:: What is required ::
Which lines of the entries below run from the one holding "A then \<psi>" to the one holding "A \<Phi> \<Psi>", inclusive? Set down exactly those lines and no others.

Stored data entries
· · · · · · ·
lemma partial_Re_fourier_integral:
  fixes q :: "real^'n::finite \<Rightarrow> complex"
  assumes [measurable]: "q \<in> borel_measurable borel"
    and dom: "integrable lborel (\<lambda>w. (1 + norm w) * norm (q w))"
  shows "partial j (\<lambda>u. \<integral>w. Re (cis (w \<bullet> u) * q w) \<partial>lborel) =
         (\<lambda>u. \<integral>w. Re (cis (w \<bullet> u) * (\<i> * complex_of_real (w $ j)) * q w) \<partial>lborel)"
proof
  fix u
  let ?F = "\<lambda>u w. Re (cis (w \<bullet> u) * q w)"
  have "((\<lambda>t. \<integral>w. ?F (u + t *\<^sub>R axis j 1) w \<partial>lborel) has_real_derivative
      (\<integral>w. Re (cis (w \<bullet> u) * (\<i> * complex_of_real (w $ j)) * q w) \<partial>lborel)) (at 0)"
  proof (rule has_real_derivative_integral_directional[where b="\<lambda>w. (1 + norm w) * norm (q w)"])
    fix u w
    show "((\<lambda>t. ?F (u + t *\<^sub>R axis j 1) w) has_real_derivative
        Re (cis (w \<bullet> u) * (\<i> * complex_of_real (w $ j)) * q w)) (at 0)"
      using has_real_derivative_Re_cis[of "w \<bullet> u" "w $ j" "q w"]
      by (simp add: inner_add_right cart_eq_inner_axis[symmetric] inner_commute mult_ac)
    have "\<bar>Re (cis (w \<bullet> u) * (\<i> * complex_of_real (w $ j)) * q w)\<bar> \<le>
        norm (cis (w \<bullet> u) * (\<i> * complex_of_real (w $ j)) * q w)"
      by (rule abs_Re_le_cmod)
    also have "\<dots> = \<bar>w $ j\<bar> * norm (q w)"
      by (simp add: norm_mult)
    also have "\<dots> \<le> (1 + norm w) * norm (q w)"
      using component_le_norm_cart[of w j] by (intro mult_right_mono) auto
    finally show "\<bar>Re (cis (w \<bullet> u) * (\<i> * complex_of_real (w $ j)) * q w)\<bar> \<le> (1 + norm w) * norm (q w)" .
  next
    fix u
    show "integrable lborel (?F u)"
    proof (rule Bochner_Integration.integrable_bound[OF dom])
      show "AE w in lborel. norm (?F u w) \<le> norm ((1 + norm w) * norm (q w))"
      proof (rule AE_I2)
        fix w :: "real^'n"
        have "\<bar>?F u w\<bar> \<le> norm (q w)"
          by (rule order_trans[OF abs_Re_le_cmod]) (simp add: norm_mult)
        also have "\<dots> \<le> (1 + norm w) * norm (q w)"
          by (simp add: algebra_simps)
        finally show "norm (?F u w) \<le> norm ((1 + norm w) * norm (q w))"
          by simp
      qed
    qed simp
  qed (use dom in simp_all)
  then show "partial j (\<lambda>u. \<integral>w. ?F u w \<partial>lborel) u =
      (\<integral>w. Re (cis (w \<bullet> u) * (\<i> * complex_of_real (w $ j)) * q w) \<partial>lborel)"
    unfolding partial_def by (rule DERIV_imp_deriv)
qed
· · · · · · ·
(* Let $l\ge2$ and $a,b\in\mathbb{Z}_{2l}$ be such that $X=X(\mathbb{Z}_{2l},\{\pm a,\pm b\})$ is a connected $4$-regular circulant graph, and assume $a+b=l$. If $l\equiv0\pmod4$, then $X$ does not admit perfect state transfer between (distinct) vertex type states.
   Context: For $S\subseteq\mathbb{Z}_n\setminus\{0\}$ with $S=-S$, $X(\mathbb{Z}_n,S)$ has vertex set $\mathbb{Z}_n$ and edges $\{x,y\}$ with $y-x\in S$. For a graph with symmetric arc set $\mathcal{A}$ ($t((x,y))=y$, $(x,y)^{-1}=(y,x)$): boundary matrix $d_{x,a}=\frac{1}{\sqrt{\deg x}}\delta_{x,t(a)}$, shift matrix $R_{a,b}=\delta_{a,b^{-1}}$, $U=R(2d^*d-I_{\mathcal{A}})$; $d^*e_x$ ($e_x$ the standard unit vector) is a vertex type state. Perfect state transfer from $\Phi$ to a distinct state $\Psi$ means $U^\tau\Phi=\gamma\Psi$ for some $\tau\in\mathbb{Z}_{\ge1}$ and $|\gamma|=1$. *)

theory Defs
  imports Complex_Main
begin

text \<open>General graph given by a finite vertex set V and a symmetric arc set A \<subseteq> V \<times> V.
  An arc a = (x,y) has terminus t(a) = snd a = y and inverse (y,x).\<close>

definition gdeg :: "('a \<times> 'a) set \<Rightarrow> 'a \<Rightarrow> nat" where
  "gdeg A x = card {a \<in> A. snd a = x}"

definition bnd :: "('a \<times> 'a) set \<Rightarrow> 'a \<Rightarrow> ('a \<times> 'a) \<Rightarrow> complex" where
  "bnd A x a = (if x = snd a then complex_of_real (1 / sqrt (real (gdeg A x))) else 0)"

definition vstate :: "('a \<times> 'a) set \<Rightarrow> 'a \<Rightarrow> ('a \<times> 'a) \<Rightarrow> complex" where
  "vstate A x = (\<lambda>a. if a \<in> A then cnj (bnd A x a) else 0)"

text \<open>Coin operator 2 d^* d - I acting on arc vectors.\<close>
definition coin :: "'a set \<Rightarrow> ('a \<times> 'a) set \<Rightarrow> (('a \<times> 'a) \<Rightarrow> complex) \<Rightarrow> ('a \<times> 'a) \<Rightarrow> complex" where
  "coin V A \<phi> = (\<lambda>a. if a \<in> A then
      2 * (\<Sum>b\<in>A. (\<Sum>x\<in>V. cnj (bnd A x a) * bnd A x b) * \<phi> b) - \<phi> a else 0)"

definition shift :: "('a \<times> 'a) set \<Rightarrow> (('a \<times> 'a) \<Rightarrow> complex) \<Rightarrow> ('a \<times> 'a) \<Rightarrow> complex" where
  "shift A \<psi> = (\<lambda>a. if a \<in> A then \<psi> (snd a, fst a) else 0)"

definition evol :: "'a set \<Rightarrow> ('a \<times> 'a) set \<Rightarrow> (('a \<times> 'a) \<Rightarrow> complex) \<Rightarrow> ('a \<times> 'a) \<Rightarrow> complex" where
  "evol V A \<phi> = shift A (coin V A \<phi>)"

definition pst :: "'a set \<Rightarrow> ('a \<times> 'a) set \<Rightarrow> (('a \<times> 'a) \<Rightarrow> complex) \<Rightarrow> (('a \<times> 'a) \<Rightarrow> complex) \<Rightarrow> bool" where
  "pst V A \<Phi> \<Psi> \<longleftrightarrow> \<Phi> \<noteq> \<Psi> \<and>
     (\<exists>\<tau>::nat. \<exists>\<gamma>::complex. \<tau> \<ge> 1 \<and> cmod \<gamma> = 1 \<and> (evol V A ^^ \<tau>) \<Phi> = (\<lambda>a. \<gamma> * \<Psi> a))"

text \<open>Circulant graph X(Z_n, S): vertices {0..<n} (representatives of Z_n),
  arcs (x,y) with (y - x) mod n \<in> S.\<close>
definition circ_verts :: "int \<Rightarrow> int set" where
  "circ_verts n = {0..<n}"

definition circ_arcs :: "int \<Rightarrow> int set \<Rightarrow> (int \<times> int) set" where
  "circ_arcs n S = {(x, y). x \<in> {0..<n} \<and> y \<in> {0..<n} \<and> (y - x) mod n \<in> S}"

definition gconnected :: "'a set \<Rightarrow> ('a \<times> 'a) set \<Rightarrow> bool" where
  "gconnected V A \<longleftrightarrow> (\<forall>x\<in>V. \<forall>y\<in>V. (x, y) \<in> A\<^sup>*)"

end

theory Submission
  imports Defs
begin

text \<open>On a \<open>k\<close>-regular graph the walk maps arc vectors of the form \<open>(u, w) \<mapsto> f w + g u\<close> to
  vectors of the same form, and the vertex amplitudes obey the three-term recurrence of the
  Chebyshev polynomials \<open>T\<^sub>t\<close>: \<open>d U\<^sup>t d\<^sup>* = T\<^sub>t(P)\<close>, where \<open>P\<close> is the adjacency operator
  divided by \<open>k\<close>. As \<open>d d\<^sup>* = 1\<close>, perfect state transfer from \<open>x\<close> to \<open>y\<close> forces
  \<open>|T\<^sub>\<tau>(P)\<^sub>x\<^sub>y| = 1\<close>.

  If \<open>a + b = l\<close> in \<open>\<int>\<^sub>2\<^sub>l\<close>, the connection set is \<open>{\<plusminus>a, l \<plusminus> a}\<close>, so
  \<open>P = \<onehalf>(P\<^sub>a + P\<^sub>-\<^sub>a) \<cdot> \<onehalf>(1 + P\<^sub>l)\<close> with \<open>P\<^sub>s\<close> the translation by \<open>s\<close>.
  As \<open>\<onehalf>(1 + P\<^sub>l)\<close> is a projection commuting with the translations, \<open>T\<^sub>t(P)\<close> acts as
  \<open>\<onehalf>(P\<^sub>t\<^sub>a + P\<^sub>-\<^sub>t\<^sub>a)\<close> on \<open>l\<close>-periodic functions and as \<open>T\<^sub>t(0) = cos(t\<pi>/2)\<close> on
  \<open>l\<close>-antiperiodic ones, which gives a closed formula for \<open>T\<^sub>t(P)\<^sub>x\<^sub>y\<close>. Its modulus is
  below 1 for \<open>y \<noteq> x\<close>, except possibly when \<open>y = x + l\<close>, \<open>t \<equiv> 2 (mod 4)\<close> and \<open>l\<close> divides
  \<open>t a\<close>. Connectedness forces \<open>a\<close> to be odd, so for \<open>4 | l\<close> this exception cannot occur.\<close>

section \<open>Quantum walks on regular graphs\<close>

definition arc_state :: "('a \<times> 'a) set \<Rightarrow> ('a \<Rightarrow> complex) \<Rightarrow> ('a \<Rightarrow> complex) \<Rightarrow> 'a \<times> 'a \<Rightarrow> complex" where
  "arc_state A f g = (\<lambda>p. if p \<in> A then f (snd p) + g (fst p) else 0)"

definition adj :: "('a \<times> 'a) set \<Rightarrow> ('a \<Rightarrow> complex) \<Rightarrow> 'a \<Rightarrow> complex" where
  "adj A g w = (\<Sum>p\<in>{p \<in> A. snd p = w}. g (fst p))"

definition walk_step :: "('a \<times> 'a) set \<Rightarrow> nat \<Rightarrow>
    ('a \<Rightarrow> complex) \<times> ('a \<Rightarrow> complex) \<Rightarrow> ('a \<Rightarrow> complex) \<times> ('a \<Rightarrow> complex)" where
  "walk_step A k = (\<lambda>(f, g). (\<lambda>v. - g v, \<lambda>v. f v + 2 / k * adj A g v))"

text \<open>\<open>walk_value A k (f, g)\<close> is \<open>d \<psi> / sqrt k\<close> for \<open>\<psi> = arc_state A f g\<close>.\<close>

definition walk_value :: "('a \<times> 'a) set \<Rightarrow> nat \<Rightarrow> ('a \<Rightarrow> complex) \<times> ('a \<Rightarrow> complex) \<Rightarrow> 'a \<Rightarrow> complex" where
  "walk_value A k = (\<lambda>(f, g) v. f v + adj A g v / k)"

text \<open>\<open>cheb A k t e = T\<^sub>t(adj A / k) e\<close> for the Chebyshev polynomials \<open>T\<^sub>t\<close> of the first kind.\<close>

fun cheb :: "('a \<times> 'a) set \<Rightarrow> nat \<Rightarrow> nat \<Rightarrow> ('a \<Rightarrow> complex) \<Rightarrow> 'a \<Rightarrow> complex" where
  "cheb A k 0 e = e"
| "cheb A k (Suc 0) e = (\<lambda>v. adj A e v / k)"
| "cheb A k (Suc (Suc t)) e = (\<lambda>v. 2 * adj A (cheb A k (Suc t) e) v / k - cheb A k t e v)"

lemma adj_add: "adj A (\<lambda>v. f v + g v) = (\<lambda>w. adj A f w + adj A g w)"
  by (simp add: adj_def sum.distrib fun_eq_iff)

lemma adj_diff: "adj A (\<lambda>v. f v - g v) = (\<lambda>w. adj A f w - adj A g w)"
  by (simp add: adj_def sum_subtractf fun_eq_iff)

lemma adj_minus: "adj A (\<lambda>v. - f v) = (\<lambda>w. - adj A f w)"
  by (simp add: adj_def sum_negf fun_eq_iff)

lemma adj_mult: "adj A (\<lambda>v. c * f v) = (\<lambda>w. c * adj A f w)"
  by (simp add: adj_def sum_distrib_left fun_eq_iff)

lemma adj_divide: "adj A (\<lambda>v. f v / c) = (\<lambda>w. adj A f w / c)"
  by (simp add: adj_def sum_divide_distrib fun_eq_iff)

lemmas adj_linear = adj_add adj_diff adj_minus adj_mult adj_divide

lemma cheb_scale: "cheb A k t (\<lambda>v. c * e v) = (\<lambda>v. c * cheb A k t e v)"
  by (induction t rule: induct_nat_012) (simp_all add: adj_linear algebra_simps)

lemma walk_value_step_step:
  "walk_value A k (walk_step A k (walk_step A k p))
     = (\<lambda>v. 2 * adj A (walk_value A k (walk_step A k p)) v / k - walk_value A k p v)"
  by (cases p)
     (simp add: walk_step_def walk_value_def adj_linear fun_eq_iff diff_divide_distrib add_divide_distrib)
· · · · · · ·
:: Output of the task ::
  "shift A \<psi> = (\<lambda>a. if a \<in> A then \<psi> (snd a, fst a) else 0)"

definition evol :: "'a set \<Rightarrow> ('a \<times> 'a) set \<Rightarrow> (('a \<times> 'a) \<Rightarrow> complex) \<Rightarrow> ('a \<times> 'a) \<Rightarrow> complex" where
  "evol V A \<phi> = shift A (coin V A \<phi>)"

definition pst :: "'a set \<Rightarrow> ('a \<times> 'a) set \<Rightarrow> (('a \<times> 'a) \<Rightarrow> complex) \<Rightarrow> (('a \<times> 'a) \<Rightarrow> complex) \<Rightarrow> bool" where
  "pst V A \<Phi> \<Psi> \<longleftrightarrow> \<Phi> \<noteq> \<Psi> \<and>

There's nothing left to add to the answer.